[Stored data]
----

(* Let $\overset{1}{\nabla}$ be a concircularly semi-symmetric metric connection on an $n$-dimensional pseudo-Riemannian manifold $(\mathcal M,g)$ with generator $\pi$ and associated vector field $P$. Then $(\mathcal M,g,\overset{1}{\nabla})$ is an Einstein type manifold of the fifth kind (i.e. $\overset{5}{Ric}=\frac{\overset{5}{r}}{n}g$) if and only if $\overset{g}{Ric}=\frac{1}{2n}\big(2\overset{g}{r}-(n-1)\pi(P)\big)g+\frac{n-1}{2}\pi\otimes\pi$ (so in particular the manifold is quasi-Einstein).
   Context: Let $(\mathcal M,g)$ be an $n$-dimensional pseudo-Riemannian manifold with Levi-Civita connection $\overset{g}{\nabla}$, let $P$ be a vector field and $\pi=g(\cdot,P)$ its associated 1-form. The semi-symmetric metric connection generated by $\pi$ is $\overset{1}{\nabla}_XY=\overset{g}{\nabla}_XY+\pi(Y)X-g(X,Y)P$; it satisfies $\overset{1}{\nabla}g=0$ and has torsion $\overset{1}{T}(X,Y)=\pi(Y)X-\pi(X)Y$. It is called a concircularly semi-symmetric metric connection if there is a smooth function $\omega$ on $\mathcal M$ such that $(\overset{g}{\nabla}_X\pi)(Y)-\pi(X)\pi(Y)=\omega\, g(X,Y)$ for all vector fields $X,Y$. Curvature tensors: $\overset{1}{R}(X,Y)Z=\overset{1}{\nabla}_X\overset{1}{\nabla}_YZ-\overset{1}{\nabla}_Y\overset{1}{\nabla}_XZ-\overset{1}{\nabla}_{[X,Y]}Z$ and, with $\mathfrak S_{XYZ}$ the cyclic sum over $X,Y,Z$, $\overset{5}{R}(X,Y)Z=\overset{1}{R}(X,Y)Z-\tfrac12(\overset{1}{\nabla}_X\overset{1}{T})(Y,Z)+\tfrac12(\overset{1}{\nabla}_Y\overset{1}{T})(X,Z)-\tfrac12\mathfrak S_{XYZ}\overset{1}{T}(\overset{1}{T}(X,Y),Z)+\tfrac12\overset{1}{T}(\overset{1}{T}(Z,X),Y)$. The Ricci tensors are $\overset{\theta}{Ric}(Y,Z)=\mathrm{tr}(X\mapsto \overset{\theta}{R}(X,Y)Z)$, and $\overset{g}{Ric}$ is the Ricci tensor of $\overset{g}{\nabla}$ defined the same way; $\overset{\theta}{r}$ and $\overset{g}{r}$ are their $g$-traces. A manifold is quasi-Einstein if $\overset{g}{Ric}=ag+b\,\pi\otimes\pi$ for scalar functions $a,b$. *)

theory Defs
  imports "HOL-Analysis.Analysis"
begin

text \<open>A chart of the n-dimensional manifold is an open set
U of real^'n (n = CARD('n)); all tensors are given by their components in the coordinate
frame d_1..d_n.\<close>

type_synonym 'n sfun = "(real^'n) \<Rightarrow> real"

definition pd :: "'n::finite \<Rightarrow> 'n sfun \<Rightarrow> 'n sfun" where
  "pd i f x = frechet_derivative f (at x) (axis i 1)"

fun Ck :: "nat \<Rightarrow> (real^'n::finite) set \<Rightarrow> 'n sfun \<Rightarrow> bool" where
  "Ck 0 U f = continuous_on U f"
| "Ck (Suc k) U f = (f differentiable_on U \<and> (\<forall>i. Ck k U (pd i f)))"

definition smooth_on :: "(real^'n::finite) set \<Rightarrow> 'n sfun \<Rightarrow> bool" where
  "smooth_on U f \<longleftrightarrow> (\<forall>k. Ck k U f)"

definition gmat :: "('n::finite \<Rightarrow> 'n \<Rightarrow> 'n sfun) \<Rightarrow> real^'n \<Rightarrow> real^'n^'n" where
  "gmat g x = (\<chi> i j. g i j x)"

----

### EXERCISE
Search the records for the word "sfun" and copy every line where it occurs.

### RESPONSE TO THE EXERCISE
type_synonym 'n sfun = "(real^'n) \<Rightarrow> real"
definition pd :: "'n::finite \<Rightarrow> 'n sfun \<Rightarrow> 'n sfun" where
fun Ck :: "nat \<Rightarrow> (real^'n::finite) set \<Rightarrow> 'n sfun \<Rightarrow> bool" where
definition smooth_on :: "(real^'n::finite) set \<Rightarrow> 'n sfun \<Rightarrow> bool" where
definition gmat :: "('n::finite \<Rightarrow> 'n \<Rightarrow> 'n sfun) \<Rightarrow> real^'n \<Rightarrow> real^'n^'n" where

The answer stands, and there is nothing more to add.